▶ _Your instructions_
Show every line of the data where the word "close" can be found.

:::

lemma ttrace_eq_sum_diagonal:
  assumes "l < N"
  shows "ttrace N q X l = (\<Sum>i<q. X i i l)"
  using assms by (simp add: ttrace_def ifft_eq_idft fhat_eq_dft idft_sum idft_dft)

lemma fhat_tid:
  assumes "0 < N"
  shows "fhat N tid a b k = (if a = b then 1 else 0)"
proof -
  have "fhat N tid a b k = (\<Sum>l<N. if l = 0 then (if a = b then 1 else 0) else 0)"
    unfolding fhat_def tid_def by (rule sum.cong) auto
  then show ?thesis
    using assms by simp
qed

lemma tkron_tid:
  assumes "l < N"
  shows "tkron N s s Y tid i j l = (if i mod s = j mod s then Y (i div s) (j div s) l else 0)"
proof -
  have "0 < N" using assms by simp
  show ?thesis
  proof (cases "i mod s = j mod s")
    case True
    then show ?thesis
      by (simp add: tkron_def ifft_eq_idft fhat_tid[OF \<open>0 < N\<close>]) (simp add: fhat_eq_dft idft_dft[OF assms])
  next
    case False
    then show ?thesis
      by (simp add: tkron_def ifft_eq_idft fhat_tid[OF \<open>0 < N\<close>] idft_def)
  qed
qed

lemma tprod_tkron_tid:
  assumes "l < N" "b < s"
  shows "tprod N (m * s) V (tkron N s s Y tid) a b l = (\<Sum>i<m. cconv N (V a (i * s + b)) (Y i 0) l)"
proof -
  have kron: "cconv N (V a t) (tkron N s s Y tid t b) l
      = (if t mod s = b then cconv N (V a t) (Y (t div s) 0) l else 0)" for t
    using assms by (simp add: cconv_def tkron_tid)
  have "tprod N (m * s) V (tkron N s s Y tid) a b l
      = (\<Sum>i<m. \<Sum>c<s. if c = b then cconv N (V a (i * s + c)) (Y i 0) l else 0)"
    using assms(2) by (simp add: tprod_eq_sum_cconv[OF assms(1)] kron sum_mult_product add.commute)
  also have "\<dots> = (\<Sum>i<m. cconv N (V a (i * s + b)) (Y i 0) l)"
    using assms(2) by simp
  finally show ?thesis .
qed

lemma tdiamond_eq_sum_ccorr:
  assumes "d < N"
  shows "tdiamond N n s V i j d = (\<Sum>b<s. \<Sum>a<n. ccorr N (V a (i * s + b)) (V a (j * s + b)) d)"
  using assms
  by (simp add: tdiamond_def tinner_def ttrace_eq_sum_diagonal tprod_eq_sum_cconv ttrans_def tblock_def
      cconv_reflect_eq_ccorr)

theorem proposition9:
  fixes m n s n3 :: nat and Y V :: tensor
  assumes "0 < n3"
    and "\<forall>i<m. \<forall>j<m. \<forall>l<n3. tdiamond n3 n s V i j l = tid i j l"
  shows "frob n s n3 (tprod n3 (m * s) V (tkron n3 s s Y tid)) = tl2 m n3 Y"
proof -
  let ?A = "\<lambda>i c. V (fst c) (i * s + snd c)"
  have orthonormal: "(\<Sum>c\<in>{..<n} \<times> {..<s}. ccorr n3 (?A i c) (?A j c) d) = (if i = j \<and> d = 0 then 1 else 0)"
    if "i < m" "j < m" "d < n3" for i j d
  proof -
    have "(\<Sum>c\<in>{..<n} \<times> {..<s}. ccorr n3 (?A i c) (?A j c) d) = tdiamond n3 n s V i j d"
      by (simp add: sum.cartesian_product' tdiamond_eq_sum_ccorr[OF \<open>d < n3\<close>] sum.swap[of _ "{..<n}"])
    then show ?thesis
      using assms(2) that by (simp add: tid_def)
  qed
  have "frob n s n3 (tprod n3 (m * s) V (tkron n3 s s Y tid))
      = sqrt (\<Sum>c\<in>{..<n} \<times> {..<s}. \<Sum>l<n3. (\<Sum>i<m. cconv n3 (?A i c) (Y i 0) l)\<^sup>2)"
    by (simp add: frob_def tprod_tkron_tid sum.cartesian_product')
  also have "\<dots> = sqrt ((\<Sum>k<n3. \<Sum>i<m. (cmod (dft n3 (Y i 0) k))\<^sup>2) / real n3)"
    using sum_cconv_squared_orthonormal[OF assms(1), where C = "{..<n} \<times> {..<s}" and A = ?A] orthonormal by simp
  also have "\<dots> = tl2 m n3 Y"
    by (simp add: tl2_def fhat_eq_dft real_sqrt_divide)
  finally show ?thesis .
qed

end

:::

▶ _Answer for this exercise_
      by (simp add: tkron_def ifft_eq_idft fhat_tid[OF \<open>0 < N\<close>]) (simp add: fhat_eq_dft idft_dft[OF assms])
      by (simp add: tkron_def ifft_eq_idft fhat_tid[OF \<open>0 < N\<close>] idft_def)
      by (simp add: sum.cartesian_product' tdiamond_eq_sum_ccorr[OF \<open>d < n3\<close>] sum.swap[of _ "{..<n}"])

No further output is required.